In short, this is a book of stories from conducting Bible studies with outsiders of our world — poor villagers in Central America, migrants detained for deportation, drug addicts, white American criminals — and how the author, Bob Ekblad, handles those studies. In addition to recounting details from the studies themselves, he shares some quite real, quite poignant stories from the lives of his participants, stories that are brutal and frustrating and heartbreaking.
When our small group began reading this book, it was b/c it had been referenced in our church, but the first few chapters in we weren't sure what to make of it. My thought is that enough people — maybe Ekblad's students or participants in his Bible studies or ministry — told him that he should write a book about how he conducts his studies, that he finally went ahead and wrote about it. And I'm glad he did.

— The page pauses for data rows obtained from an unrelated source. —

lemma four_block_bp_mult: fixes huv huu hvu hvv bu bv M Bu Bv :: "complex mat"
  assumes c: "huv \<in> carrier_mat q q" "huu \<in> carrier_mat q q" "hvu \<in> carrier_mat q q" "hvv \<in> carrier_mat q q"
    "bu \<in> carrier_mat q q" "bv \<in> carrier_mat q q"
   "M \<in> carrier_mat q q" "Bu \<in> carrier_mat q q" "Bv \<in> carrier_mat q q"
  shows "four_block_mat (1\<^sub>m q - (huv + (bu + huu*bv - huv*bu)*M*Bv)) (huu + (bu + huu*bv - huv*bu)*M*Bu)
     (-(hvv + (bv + hvu*bv - hvv*bu)*M*Bv)) (1\<^sub>m q + (hvu + (bv + hvu*bv - hvv*bu)*M*Bu))
   = four_block_mat (1\<^sub>m q - huv) huu (-hvv) (1\<^sub>m q + hvu) *
     four_block_mat (1\<^sub>m q - bu*M*Bv) (bu*M*Bu) (-(bv*M*Bv)) (1\<^sub>m q + bv*M*Bu)"
proof -
  interpret R: ring "ring_mat TYPE(complex) q ()" by (rule ring_mat)
  let ?R = "ring_mat TYPE(complex) q ()"
  have cR: "huv \<in> carrier ?R" "huu \<in> carrier ?R" "hvu \<in> carrier ?R" "hvv \<in> carrier ?R" "bu \<in> carrier ?R" "bv \<in> carrier ?R"
   "M \<in> carrier ?R" "Bu \<in> carrier ?R" "Bv \<in> carrier ?R" using c by (simp_all add: ring_mat_simps)
  note rs = R.r_distr R.l_distr R.m_assoc R.a_ac R.minus_eq R.r_minus R.l_minus R.minus_add R.r_one R.l_one R.minus_minus
  have e11: "(\<one>\<^bsub>?R\<^esub> \<ominus>\<^bsub>?R\<^esub> huv) \<otimes>\<^bsub>?R\<^esub> (\<one>\<^bsub>?R\<^esub> \<ominus>\<^bsub>?R\<^esub> bu \<otimes>\<^bsub>?R\<^esub> M \<otimes>\<^bsub>?R\<^esub> Bv) \<oplus>\<^bsub>?R\<^esub> huu \<otimes>\<^bsub>?R\<^esub> (\<ominus>\<^bsub>?R\<^esub> (bv \<otimes>\<^bsub>?R\<^esub> M \<otimes>\<^bsub>?R\<^esub> Bv)) =
     \<one>\<^bsub>?R\<^esub> \<ominus>\<^bsub>?R\<^esub> (huv \<oplus>\<^bsub>?R\<^esub> (bu \<oplus>\<^bsub>?R\<^esub> huu \<otimes>\<^bsub>?R\<^esub> bv \<ominus>\<^bsub>?R\<^esub> huv \<otimes>\<^bsub>?R\<^esub> bu) \<otimes>\<^bsub>?R\<^esub> M \<otimes>\<^bsub>?R\<^esub> Bv)"
    using cR by (simp add: rs)
  have e12: "(\<one>\<^bsub>?R\<^esub> \<ominus>\<^bsub>?R\<^esub> huv) \<otimes>\<^bsub>?R\<^esub> (bu \<otimes>\<^bsub>?R\<^esub> M \<otimes>\<^bsub>?R\<^esub> Bu) \<oplus>\<^bsub>?R\<^esub> huu \<otimes>\<^bsub>?R\<^esub> (\<one>\<^bsub>?R\<^esub> \<oplus>\<^bsub>?R\<^esub> bv \<otimes>\<^bsub>?R\<^esub> M \<otimes>\<^bsub>?R\<^esub> Bu) =
     huu \<oplus>\<^bsub>?R\<^esub> (bu \<oplus>\<^bsub>?R\<^esub> huu \<otimes>\<^bsub>?R\<^esub> bv \<ominus>\<^bsub>?R\<^esub> huv \<otimes>\<^bsub>?R\<^esub> bu) \<otimes>\<^bsub>?R\<^esub> M \<otimes>\<^bsub>?R\<^esub> Bu"
    using cR by (simp add: rs)
  have e21: "(\<ominus>\<^bsub>?R\<^esub> hvv) \<otimes>\<^bsub>?R\<^esub> (\<one>\<^bsub>?R\<^esub> \<ominus>\<^bsub>?R\<^esub> bu \<otimes>\<^bsub>?R\<^esub> M \<otimes>\<^bsub>?R\<^esub> Bv) \<oplus>\<^bsub>?R\<^esub> (\<one>\<^bsub>?R\<^esub> \<oplus>\<^bsub>?R\<^esub> hvu) \<otimes>\<^bsub>?R\<^esub> (\<ominus>\<^bsub>?R\<^esub> (bv \<otimes>\<^bsub>?R\<^esub> M \<otimes>\<^bsub>?R\<^esub> Bv)) =
     \<ominus>\<^bsub>?R\<^esub> (hvv \<oplus>\<^bsub>?R\<^esub> (bv \<oplus>\<^bsub>?R\<^esub> hvu \<otimes>\<^bsub>?R\<^esub> bv \<ominus>\<^bsub>?R\<^esub> hvv \<otimes>\<^bsub>?R\<^esub> bu) \<otimes>\<^bsub>?R\<^esub> M \<otimes>\<^bsub>?R\<^esub> Bv)"
    using cR by (simp add: rs)
  have e22: "(\<ominus>\<^bsub>?R\<^esub> hvv) \<otimes>\<^bsub>?R\<^esub> (bu \<otimes>\<^bsub>?R\<^esub> M \<otimes>\<^bsub>?R\<^esub> Bu) \<oplus>\<^bsub>?R\<^esub> (\<one>\<^bsub>?R\<^esub> \<oplus>\<^bsub>?R\<^esub> hvu) \<otimes>\<^bsub>?R\<^esub> (\<one>\<^bsub>?R\<^esub> \<oplus>\<^bsub>?R\<^esub> bv \<otimes>\<^bsub>?R\<^esub> M \<otimes>\<^bsub>?R\<^esub> Bu) =
     \<one>\<^bsub>?R\<^esub> \<oplus>\<^bsub>?R\<^esub> (hvu \<oplus>\<^bsub>?R\<^esub> (bv \<oplus>\<^bsub>?R\<^esub> hvu \<otimes>\<^bsub>?R\<^esub> bv \<ominus>\<^bsub>?R\<^esub> hvv \<otimes>\<^bsub>?R\<^esub> bu) \<otimes>\<^bsub>?R\<^esub> M \<otimes>\<^bsub>?R\<^esub> Bu)"
    using cR by (simp add: rs)
  have m11: "(1\<^sub>m q - huv) * (1\<^sub>m q - bu*M*Bv) + huu * (-(bv*M*Bv)) = 1\<^sub>m q - (huv + (bu + huu*bv - huv*bu)*M*Bv)"
    using e11 c by (simp add: ring_mat_minus ring_mat_simps square_carrier_closed)
  have m12: "(1\<^sub>m q - huv) * (bu*M*Bu) + huu * (1\<^sub>m q + bv*M*Bu) = huu + (bu + huu*bv - huv*bu)*M*Bu"
    using e12 c by (simp add: ring_mat_minus ring_mat_simps square_carrier_closed)
  have m21: "(- hvv) * (1\<^sub>m q - bu*M*Bv) + (1\<^sub>m q + hvu) * (-(bv*M*Bv)) = -(hvv + (bv + hvu*bv - hvv*bu)*M*Bv)"
    using e21 c by (simp add: ring_mat_minus ring_mat_simps square_carrier_closed)
  have m22: "(- hvv) * (bu*M*Bu) + (1\<^sub>m q + hvu) * (1\<^sub>m q + bv*M*Bu) = 1\<^sub>m q + (hvu + (bv + hvu*bv - hvv*bu)*M*Bu)"
    using e22 c by (simp add: ring_mat_minus ring_mat_simps square_carrier_closed)
  have cc: "1\<^sub>m q - huv \<in> carrier_mat q q" "huu \<in> carrier_mat q q" "-hvv \<in> carrier_mat q q" "1\<^sub>m q + hvu \<in> carrier_mat q q"
    "1\<^sub>m q - bu*M*Bv \<in> carrier_mat q q" "bu*M*Bu \<in> carrier_mat q q" "-(bv*M*Bv) \<in> carrier_mat q q" "1\<^sub>m q + bv*M*Bu \<in> carrier_mat q q"
    using c by (auto intro!: square_carrier_closed)
  show ?thesis unfolding mult_four_block_mat[OF cc] m11 m12 m21 m22 ..
qed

More conservative readers might be concerned about the liberation lens through which he conducts most of the referenced Bible studies. But it seems clear to me that to Ekblad, for people who have been saved through faith not through works, the Gospel message should primarily be a message of liberation and deliverance. And sadly much of the teaching of this world and even its churches is not that. They teach instead that you get what you deserve and that if you were actually "worthy" then you would already be blessed, and comfortable, and rich. Your place of addiction, pain, discomfort and patterns of crime and/or abuse are confirmation that a life of freedom and light is not for you. Ekblad dispels those beliefs in the way he reads and interprets scripture with his fellow Bible study participants.
With this book being mainly glimpses into Ekblad's Bible study sessions, I can say this book would be *good* for many, perhaps most, American Christians to read but they could get the idea so to speak through reading only a couple chapters or so. This book is more relevant I think for people who do ministry than lay-people as a whole. But if anyone has read this and disagrees I'd be open to hearing why!